CHANNEL(CS2691.S1.CS691) CHLTYPE(SDR)
ALTDATE(2018-03-14) ALTTIME(09.36.27)
BATCHHB(0) BATCHINT(0)
BATCHLIM(5000) BATCHSZ(500)
CERTLABL( ) COMPHDR(NONE)
COMPMSG(NONE) CONNAME(x.x.x.x(yyyy))
CONVERT(NO) DESCR( )
DISCINT(0) HBINT(300)
KAINT(AUTO) LOCLADDR( )
LONGRTY(999999999) LONGTMR(1200)
MAXMSGL(4194304) MCANAME( )
MCATYPE(PROCESS) MCAUSER( )
MODENAME( ) MONCHL(QMGR)
MSGDATA( ) MSGEXIT( )
NPMSPEED(FAST) PASSWORD( )
PROPCTL(COMPAT) RCVDATA( )
RCVEXIT( ) RESETSEQ(NO)
SCYDATA( ) SCYEXIT( )
SENDDATA( ) SENDEXIT( )
SEQWRAP(999999999) SHORTRTY(10)
SHORTTMR(60) SSLCIPH( )
SSLPEER( ) STATCHL(QMGR)
TPNAME( ) TRPTYPE(TCP)
USEDLQ(YES) USERID( )
XMITQ(xxxxxxxxxxxx)
From logs:
-------------------------------------------------------------------------------
03/15/2018 08:21:39 AM - Process(30650.1) User(mqm) Program(runmqchl)
Host(mwpayivlsu101.pre.us.santanderus.corp) Installation(Installation1)

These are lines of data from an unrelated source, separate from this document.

(* A subset S of the images is determined by the pieces S \<inter> G_j it cuts out of the groups, so
   the subsets with prescribed group counts c_1, ..., c_M number prod_j C(|G_j|, c_j).  The good
   subsets are those whose count vector is a permutation of the multiset of lam.  Summing over
   these permutations and grouping them by their last entry l_g = c_M gives the formula: the
   first M - 1 groups have size k and contribute prod_i C(k, l_i)^d_i / C(k, l_g), the last group
   contributes C(|G_M|, l_g), and (M-1)! / (d_1! ... (d_g - 1)! ... d_r!) permutations end in l_g. *)

lemma card_subsets_with_prescribed_intersections:
  fixes G :: "'i \<Rightarrow> 'a set"
  assumes "finite I" and fin: "\<And>i. i \<in> I \<Longrightarrow> finite (G i)" and disj: "disjoint_family_on G I"
  shows "card {S. S \<subseteq> (\<Union>i\<in>I. G i) \<and> (\<forall>i\<in>I. card (S \<inter> G i) = c i)} =
         (\<Prod>i\<in>I. card (G i) choose c i)"
proof -
  let ?L = "{S. S \<subseteq> (\<Union>i\<in>I. G i) \<and> (\<forall>i\<in>I. card (S \<inter> G i) = c i)}"
  let ?R = "\<Pi>\<^sub>E i\<in>I. {B. B \<subseteq> G i \<and> card B = c i}"
  have UN_Int: "(\<Union>j\<in>I. B j) \<inter> G i = B i" if "B \<in> ?R" and "i \<in> I" for B i
  proof -
    have "B j \<inter> G i = {}" if "j \<in> I" "j \<noteq> i" for j
      using \<open>B \<in> ?R\<close> disj \<open>i \<in> I\<close> that by (fastforce simp: disjoint_family_on_def)
    moreover have "B i \<subseteq> G i" using that by auto
    ultimately show ?thesis using that by blast
  qed
  have "bij_betw (\<lambda>S. \<lambda>i\<in>I. S \<inter> G i) ?L ?R"
  proof (rule bij_betw_byWitness[where f' = "\<lambda>B. \<Union>j\<in>I. B j"])
    show "\<forall>S\<in>?L. (\<Union>j\<in>I. (\<lambda>i\<in>I. S \<inter> G i) j) = S" by auto
    show "\<forall>B\<in>?R. (\<lambda>i\<in>I. (\<Union>j\<in>I. B j) \<inter> G i) = B"
      using UN_Int by (metis (no_types, lifting) PiE_iff extensional_restrict restrict_ext)
    show "(\<lambda>S. \<lambda>i\<in>I. S \<inter> G i) ` ?L \<subseteq> ?R" by auto
    show "(\<lambda>B. \<Union>j\<in>I. B j) ` ?R \<subseteq> ?L" using UN_Int by (fastforce simp: PiE_iff)
  qed
  then have "card ?L = card ?R" by (rule bij_betw_same_card)
  also have "\<dots> = (\<Prod>i\<in>I. card {B. B \<subseteq> G i \<and> card B = c i})" by (rule card_PiE) fact
  also have "\<dots> = (\<Prod>i\<in>I. card (G i) choose c i)" using fin by (simp add: n_subsets)
  finally show ?thesis .
qed

lemma ex_permutes_iff_image_mset_eq:
  assumes "finite A"
  shows "(\<exists>p. p permutes A \<and> (\<forall>x\<in>A. f x = g (p x))) \<longleftrightarrow>
         image_mset f (mset_set A) = image_mset g (mset_set A)"
  using assms by (metis permutes_implies_image_mset_eq image_mset_eq_implies_permutes)

lemma mset_eq_image_mset_nth_pred:
  "mset xs = image_mset (\<lambda>j. xs ! (j - 1)) (mset_set {1..length xs})"
proof -
  have "xs = map (\<lambda>j. xs ! (j - 1)) [1..<Suc (length xs)]"
    by (rule nth_equalityI) (simp_all del: upt_Suc)
  then show ?thesis
    by (metis atLeastLessThanSuc_atLeastAtMost mset_map mset_upt)
qed

lemma prod_list_map_conv_prod_nth: "(\<Prod>x\<leftarrow>xs. f x) = (\<Prod>i<length xs. f (xs ! i))"
  by (simp add: prod.list_conv_set_nth atLeast0LessThan)

lemma prod_list_butlast_mult_last:
  fixes f :: "'a \<Rightarrow> 'b::comm_monoid_mult"
  assumes "xs \<noteq> []"
  shows "(\<Prod>x\<leftarrow>butlast xs. f x) * f (last xs) = (\<Prod>y\<in>set xs. f y ^ count (mset xs) y)"
proof -
  have "(\<Prod>x\<leftarrow>butlast xs. f x) * f (last xs) = (\<Prod>x\<leftarrow>butlast xs @ [last xs]. f x)"
    by simp
  also have "\<dots> = (\<Prod>x\<leftarrow>xs. f x)"
    using assms by simp
  also have "\<dots> = prod_mset (image_mset f (mset xs))"
    by (simp add: prod_mset_prod_list flip: mset_map)
  also have "\<dots> = (\<Prod>y\<in>set xs. f y ^ count (mset xs) y)"
    by (simp add: image_prod_mset_multiplicity)
  finally show ?thesis .
qed

lemma sum_permutations_of_multiset_last:
  assumes "A \<noteq> {#}"
  shows "(\<Sum>xs\<in>permutations_of_multiset A. h (last xs)) =
         (\<Sum>x\<in>set_mset A. of_nat (card (permutations_of_multiset (A - {#x#}))) * h x)"
proof -
  have "(\<Sum>xs\<in>permutations_of_multiset A. h (last xs)) =
        (\<Sum>xs\<in>rev ` permutations_of_multiset A. h (last xs))"
    by simp
  also have "\<dots> = (\<Sum>xs\<in>permutations_of_multiset A. h (hd xs))"
    by (subst sum.reindex) (auto simp: last_rev)
  also have "\<dots> = (\<Sum>x\<in>set_mset A. \<Sum>xs\<in>(#) x ` permutations_of_multiset (A - {#x#}). h (hd xs))"
    using assms by (subst permutations_of_multiset_nonempty) (auto intro: sum.UNION_disjoint)
  also have "\<dots> = (\<Sum>x\<in>set_mset A. of_nat (card (permutations_of_multiset (A - {#x#}))) * h x)"
    by (simp add: sum.reindex)
  finally show ?thesis .
qed

lemma real_card_permutations_of_multiset_remove_fact:
  assumes "x \<in># A"
  shows "real (card (permutations_of_multiset (A - {#x#}))) =
         fact (size A - 1) / (\<Prod>y\<in>set_mset A. fact (if y = x then count A y - 1 else count A y))"
proof -
  let ?B = "A - {#x#}"
  have "(\<Prod>y\<in>set_mset ?B. fact (count ?B y) :: nat) = (\<Prod>y\<in>set_mset A. fact (count ?B y))"
    by (rule prod.mono_neutral_left) (auto simp: not_in_iff dest: in_diffD)
  also have "\<dots> = (\<Prod>y\<in>set_mset A. fact (if y = x then count A y - 1 else count A y))"
    by (rule prod.cong) auto
  finally have "card (permutations_of_multiset ?B) *
      (\<Prod>y\<in>set_mset A. fact (if y = x then count A y - 1 else count A y)) = fact (size A - 1)"
    using card_permutations_of_multiset_aux[of ?B] assms by (simp add: size_Diff_submset)
  then have "real (card (permutations_of_multiset ?B)) *
      real (\<Prod>y\<in>set_mset A. fact (if y = x then count A y - 1 else count A y)) =
      real (fact (size A - 1))"
    by (metis of_nat_mult)
  then show ?thesis
    by (simp add: field_simps)
qed

lemma div_eq_iff_nat: "0 < (k::nat) \<Longrightarrow> a div k = i \<longleftrightarrow> i * k \<le> a \<and> a < Suc i * k"
  by (meson div_less_iff_less_mult le_less_Suc_eq less_eq_div_iff_mult_less_eq nat_le_linear)

lemma num_groups_real: "real (num_groups n k) = of_int \<lceil>real n / real k\<rceil>"
  unfolding num_groups_def by simp

lemma num_groups_bounds:
  assumes "0 < k"
  shows "n \<le> num_groups n k * k" and "num_groups n k * k < n + k"
proof -
  have "real n / real k \<le> real (num_groups n k)" and "real (num_groups n k) < real n / real k + 1"
    unfolding num_groups_real by linarith+
  then have "real n \<le> real (num_groups n k * k)" and "real (num_groups n k * k) < real (n + k)"
    using assms by (simp_all add: field_simps)
  then show "n \<le> num_groups n k * k" and "num_groups n k * k < n + k"
    by linarith+
qed

lemma num_groups_pos:
  assumes "0 < k" and "0 < n"
  shows "0 < num_groups n k"
  using num_groups_bounds(1)[OF assms(1), of n] assms(2) by (cases "num_groups n k") simp_all

lemma mem_group_Suc_iff:
  assumes "0 < k"
  shows "x \<in> group n k (Suc i) \<longleftrightarrow> 0 < x \<and> x \<le> n \<and> (x - 1) div k = i"
  using assms by (auto simp: group_def div_eq_iff_nat)

lemma finite_group [simp]: "finite (group n k j)"
  by (simp add: group_def)

lemma group_0 [simp]: "group n k 0 = {}"
  by (simp add: group_def)

lemma disjoint_family_group: "disjoint_family (group n k)"
proof (cases "k = 0")
  case True
  then show ?thesis by (simp add: group_def disjoint_family_on_def)
next
  case False
  show ?thesis unfolding disjoint_family_on_def
  proof (intro ballI impI)
    fix i j :: nat assume "i \<noteq> j"
    then show "group n k i \<inter> group n k j = {}"
      using False by (cases i; cases j) (auto simp: mem_group_Suc_iff)
  qed
qed

lemma UN_group_eq:
  assumes "0 < k"
  shows "(\<Union>j\<in>{1..num_groups n k}. group n k j) = {1..n}"
proof
  show "(\<Union>j\<in>{1..num_groups n k}. group n k j) \<subseteq> {1..n}" by (auto simp: group_def)
  show "{1..n} \<subseteq> (\<Union>j\<in>{1..num_groups n k}. group n k j)"
  proof
    fix x assume x: "x \<in> {1..n}"
    have "(x - 1) div k < num_groups n k"
      using x num_groups_bounds(1)[OF assms, of n] by (intro less_mult_imp_div_less) auto
    moreover have "x \<in> group n k (Suc ((x - 1) div k))"
      using x assms by (simp add: mem_group_Suc_iff)
    ultimately show "x \<in> (\<Union>j\<in>{1..num_groups n k}. group n k j)" by force
  qed
qed

lemma card_group:
  assumes "1 \<le> j" and "j < num_groups n k"
  shows "card (group n k j) = k"
proof -
  have "0 < k" using assms by (cases "k = 0") (simp_all add: num_groups_def)
  have "Suc j * k \<le> num_groups n k * k"
    using assms(2) by (intro mult_le_mono1) simp
  with num_groups_bounds(2)[OF \<open>0 < k\<close>] have "j * k < n"
    by (metis add_less_cancel_right le_less_trans mult_Suc add.commute)
  then have "min (j * k) n = j * k" by simp
  moreover have "j * k = (j - 1) * k + k" using assms(1) by (cases j) auto
  ultimately show ?thesis by (simp add: group_def)
qed

lemma card_last_group:
  assumes "0 < k"
  shows "card (group n k (num_groups n k)) = n - (num_groups n k - 1) * k"
  using num_groups_bounds(1)[OF assms, of n] by (simp add: group_def min_absorb2)

lemma valid_partition_length: "valid_partition n k lam \<Longrightarrow> length lam = num_groups n k"
  by (simp add: valid_partition_def Let_def)

lemma valid_partition_le:
  assumes "valid_partition n k lam" and "x \<in> set lam"
  shows "x \<le> k"
proof -
  from assms(2) obtain i where "i < length lam" and "lam ! i = x"
    unfolding in_set_conv_nth by blast
  with assms(1) show ?thesis
    by (auto simp: valid_partition_def Let_def dest: bspec[of _ _ "Suc i"])
qed

definition group_counts :: "nat \<Rightarrow> nat \<Rightarrow> nat set \<Rightarrow> nat list" where
  "group_counts n k S = map (\<lambda>j. card (S \<inter> group n k j)) [1..<Suc (num_groups n k)]"

lemma mset_group_counts:
  "mset (group_counts n k S) =
   image_mset (\<lambda>j. card (S \<inter> group n k j)) (mset_set {1..num_groups n k})"
  by (simp add: group_counts_def atLeastLessThanSuc_atLeastAtMost del: upt_Suc)

lemma sum_list_group_counts:
  assumes "0 < k" and "S \<subseteq> {1..n}"
  shows "sum_list (group_counts n k S) = card S"
proof -
  have "sum_list (group_counts n k S) = (\<Sum>j\<in>{1..num_groups n k}. card (S \<inter> group n k j))"
    by (simp add: group_counts_def interv_sum_list_conv_sum_set_nat atLeastLessThanSuc_atLeastAtMost
        del: upt_Suc)
  also have "\<dots> = card (\<Union>j\<in>{1..num_groups n k}. S \<inter> group n k j)"
    using disjoint_family_group[of n k]
    by (intro card_UN_disjoint[symmetric]) (auto dest: disjoint_family_onD)
  also have "(\<Union>j\<in>{1..num_groups n k}. S \<inter> group n k j) = S"
    using assms UN_group_eq[of k n] by blast
  finally show ?thesis .
qed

VRMF(8.0.0.5) QMgr(CS2691)
AMQ9206: Error sending data to host 180.24.80.24(50020).
EXPLANATION:
An error occurred sending data over TCP/IP to 180.24.80.24(50020). This may be
due to a communications failure.
ACTION:
The return code from the TCP/IP(write) call was 104 X('68'). Record these
values and tell your systems administrator.
----- amqccita.c : 3166 -------------------------------------------------------
03/15/2018 08:21:39 AM - Process(30650.1) User(mqm) Program(runmqchl)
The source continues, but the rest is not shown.